# [gelöst] /usr mit lvm2 vergrößern?

## uhai

/usr ist bei mir voll und ich will es mit lvm2 vergrößern. lvextend war kein Problem.

Allerdings kann ich resize2fs nicht durchführen, ich kann nämlich /usr nicht aushängen?! fusers -m zeigt mir eine Reihe von Prozessen an, die ich mit kill beenden wollte. Leider bleibt immer einer übrig, der sich nicht beenden läßt. Damit läßt sich /usr nicht aushängen, resize2fs nicht ausführen...

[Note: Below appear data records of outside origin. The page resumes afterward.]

lemma nn_integral_lborel_fibres:
  fixes G :: "'a::euclidean_space \<Rightarrow> ennreal" and b d :: 'a
  assumes G[measurable]: "G \<in> borel_measurable borel" and b: "b \<in> Basis" and "d \<bullet> b = 1"
  shows "(\<integral>\<^sup>+y. G y \<partial>lborel) =
    (\<integral>\<^sup>+f. (\<integral>\<^sup>+r. G ((\<Sum>c\<in>Basis-{b}. f c *\<^sub>R c) + r *\<^sub>R d) \<partial>lborel) \<partial>(\<Pi>\<^sub>M c\<in>Basis-{b}. lborel))"
proof -
  have "(\<Sum>c\<in>Basis-{b}. f c *\<^sub>R c) \<bullet> b = 0" for f :: "'a \<Rightarrow> real"
    using b by (auto simp: inner_sum_left inner_Basis intro!: sum.neutral)
  then have shear_fibre: "((\<Sum>c\<in>Basis-{b}. f c *\<^sub>R c) + r *\<^sub>R b)
      + (((\<Sum>c\<in>Basis-{b}. f c *\<^sub>R c) + r *\<^sub>R b) \<bullet> b) *\<^sub>R (d - b)
      = (\<Sum>c\<in>Basis-{b}. f c *\<^sub>R c) + r *\<^sub>R d" for f r
    using b by (simp add: inner_add_left algebra_simps)
  have "(d - b) \<bullet> b = 0" using \<open>d \<bullet> b = 1\<close> b by (simp add: inner_diff_left)
  then have "(\<integral>\<^sup>+y. G y \<partial>lborel) = (\<integral>\<^sup>+y. G (y + (y \<bullet> b) *\<^sub>R (d - b)) \<partial>lborel)"
    by (rule nn_integral_lborel_shear[OF b _ G, symmetric])
  also have "\<dots> = (\<integral>\<^sup>+f. (\<integral>\<^sup>+r. G (((\<Sum>c\<in>Basis-{b}. f c *\<^sub>R c) + r *\<^sub>R b)
      + (((\<Sum>c\<in>Basis-{b}. f c *\<^sub>R c) + r *\<^sub>R b) \<bullet> b) *\<^sub>R (d - b)) \<partial>lborel) \<partial>(\<Pi>\<^sub>M c\<in>Basis-{b}. lborel))"
    using nn_integral_lborel_fibres_Basis[OF _ b, of "\<lambda>y. G (y + (y \<bullet> b) *\<^sub>R (d - b))"] by simp
  finally show ?thesis by (simp only: shear_fibre)
qed

lemma nn_integral_exp_quadratic_line:
  fixes Q :: "'a::euclidean_space \<Rightarrow> real" and e u v :: 'a and c x :: real
    and \<phi> :: "real \<Rightarrow> ennreal"
  assumes split: "\<And>y. Q y = c * (y \<bullet> e)^2 + Q (y - (y \<bullet> e) *\<^sub>R u)"
    and "u \<bullet> e = 1" and "x \<noteq> 0" and [measurable]: "\<phi> \<in> borel_measurable borel"
  shows "(\<integral>\<^sup>+r. ennreal (exp (- Q (v + (x * r) *\<^sub>R u) / 2)) * \<phi> ((v + (x * r) *\<^sub>R u) \<bullet> e) \<partial>lborel)
    = ennreal (exp (- Q (v - (v \<bullet> e) *\<^sub>R u) / 2))
      * (ennreal \<bar>1 / x\<bar> * (\<integral>\<^sup>+t. ennreal (exp (- c * t^2 / 2)) * \<phi> t \<partial>lborel))"
proof -
  define \<psi> where "\<psi> = (\<lambda>t. ennreal (exp (- c * t^2 / 2)) * \<phi> t)"
  have [measurable]: "\<psi> \<in> borel_measurable borel" unfolding \<psi>_def by measurable
  define g where "g = ennreal (exp (- Q (v - (v \<bullet> e) *\<^sub>R u) / 2))"
  have integrand: "ennreal (exp (- Q (v + (x * r) *\<^sub>R u) / 2)) * \<phi> ((v + (x * r) *\<^sub>R u) \<bullet> e)
      = g * \<psi> (v \<bullet> e + x * r)" for r
  proof -
    have t: "(v + (x * r) *\<^sub>R u) \<bullet> e = v \<bullet> e + x * r"
      using \<open>u \<bullet> e = 1\<close> by (simp add: inner_add_left)
    have "Q (v + (x * r) *\<^sub>R u) = c * (v \<bullet> e + x * r)^2 + Q (v - (v \<bullet> e) *\<^sub>R u)"
      using split[of "v + (x * r) *\<^sub>R u"] unfolding t by (simp add: algebra_simps)
    then have "exp (- Q (v + (x * r) *\<^sub>R u) / 2)
        = exp (- Q (v - (v \<bullet> e) *\<^sub>R u) / 2) * exp (- c * (v \<bullet> e + x * r)^2 / 2)"
      by (simp add: exp_add[symmetric] field_simps)
    then show ?thesis
      unfolding g_def \<psi>_def t by (simp add: ennreal_mult mult.assoc)
  qed
  have "(\<integral>\<^sup>+t. \<psi> t \<partial>lborel) = ennreal \<bar>x\<bar> * (\<integral>\<^sup>+r. \<psi> (v \<bullet> e + x * r) \<partial>lborel)"
    using \<open>x \<noteq> 0\<close> by (intro nn_integral_real_affine) auto
  then have "(\<integral>\<^sup>+r. \<psi> (v \<bullet> e + x * r) \<partial>lborel) = ennreal \<bar>1 / x\<bar> * (\<integral>\<^sup>+t. \<psi> t \<partial>lborel)"
    using \<open>x \<noteq> 0\<close> by (simp add: ennreal_mult[symmetric] mult.assoc[symmetric] abs_mult[symmetric])
  moreover have "(\<integral>\<^sup>+r. g * \<psi> (v \<bullet> e + x * r) \<partial>lborel) = g * (\<integral>\<^sup>+r. \<psi> (v \<bullet> e + x * r) \<partial>lborel)"
    by (rule nn_integral_cmult) measurable
  ultimately show ?thesis
    unfolding integrand by (simp add: g_def \<psi>_def)
qed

Wie komme ich aus der Nummer raus?

uhaiLast edited by uhai on Thu Mar 04, 2010 11:56 am; edited 1 time in total

----------

## BlueSkyDriver

 *uhai wrote:*   

> Wie komme ich aus der Nummer raus?

 

Mit einer LiveCD.

saludos

andreas

----------

## uhai

Die liest aber die lvm-Konfiguration nicht ein, oder? Kann ich resize2fs ohne lvm2 über die Partition lassen?

uhai

----------

## manuels

Doch, mit lvscan und lvchange -ay kannst du auch bei einer LiveCD (sofern LVM drauf installiert ist) die LVs nutzen.

----------

## uhai

ok, Live-DVD Gentoo 10.1, kernel gentoo mit Option dolvm - hat geklappt.

Danke manuels & BLueSkyDriver hat sehr gehelft  :Smile: 

uhai

----------